**** EXCERPTED DATA

(* Let $X$ and $Y$ be nontrivial real Hausdorff locally convex spaces, $A:X\to Y$ a continuous linear operator, $h\in\Gamma(Y)$, $x^{\ast}\in X^{\ast}$, and assume $f:=h\circ A+x^{\ast}$ belongs to $\Gamma(X)$ (i.e. $\operatorname{dom}h\cap\operatorname{Im}A\neq\emptyset$). Then: (a) $f_\infty=h_\infty\circ A+x^{\ast}$ and $\ker A\subset[f_\infty=x^{\ast}]$; (b) if $h_\infty\ge0$, then $x^{\ast}\in\partial f_\infty(0)=\overline{\operatorname{dom}f^{\ast}}$; the converse implication holds if, moreover, $\operatorname{Im}A=Y$; (c) if $[h_\infty\le0]=\{0\}$, then $\ker A=[f_\infty\le x^{\ast}]$ and $x^{\ast}\in\operatorname{qri}\overline{\operatorname{dom}f^{\ast}}$; conversely, if $\operatorname{Im}A=Y$ and $\ker A=[f_\infty\le x^{\ast}]$, then $[h_\infty\le0]=\{0\}$; (d) if $h$ is bounded from below, then $h_\infty\ge0$ and $x^{\ast}\in\operatorname{dom}f^{\ast}$; if $\operatorname{Im}A=Y$, then $\inf h=-f^{\ast}(x^{\ast})$, and so $h$ is bounded from below if and only if $x^{\ast}\in\operatorname{dom}f^{\ast}$; (e) if $\operatorname{Im}A=Y$, then $h$ attains its infimum on $Y$ if and only if $x^{\ast}\in\operatorname{Im}\partial f$.
   Context: $X^{\ast}$ is the topological dual of $X$ with the weak$^{\ast}$ topology (closures in $X^{\ast}$ are weak$^{\ast}$ closures); $\langle x,x^{\ast}\rangle=x^{\ast}(x)$. $\Gamma(V)$: proper lower semicontinuous convex functions on $V$ with values in $\mathbb{R}\cup\{\pm\infty\}$. For $\varphi\in\Gamma(V)$: $\operatorname{dom}\varphi=\{\varphi<\infty\}$, $\varphi^{\ast}(v^{\ast})=\sup_v(\langle v,v^{\ast}\rangle-\varphi(v))$, $\partial\varphi(v)=\{v^{\ast}:\langle v'-v,v^{\ast}\rangle\le\varphi(v')-\varphi(v)\ \forall v'\}$ if $\varphi(v)\in\mathbb{R}$ (empty otherwise), $\operatorname{Im}\partial\varphi=\bigcup_v\partial\varphi(v)$, and recession function $\varphi_\infty(u)=\lim_{t\to\infty}(\varphi(v_0+tu)-\varphi(v_0))/t$ for any $v_0\in\operatorname{dom}\varphi$. $[f_\infty\le x^{\ast}]=\{u: f_\infty(u)\le\langle u,x^{\ast}\rangle\}$, $[f_\infty=x^{\ast}]$ similarly; $[h_\infty\le0]=\{y: h_\infty(y)\le0\}$. For convex $B\subset X^{\ast}$, $\operatorname{qri}B=\{b\in B:\overline{\mathbb{R}_+(B-b)}\text{ is a linear subspace}\}$. *)

theory Defs
  imports "HOL-Analysis.Analysis"
begin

********

» PROBLEM TO SOLVE
Retype the lines from the one containing "theory Defs" through the last line of the records. Leave out everything else.

» YOUR SOLUTION
theory Defs
  imports "HOL-Analysis.Analysis"
begin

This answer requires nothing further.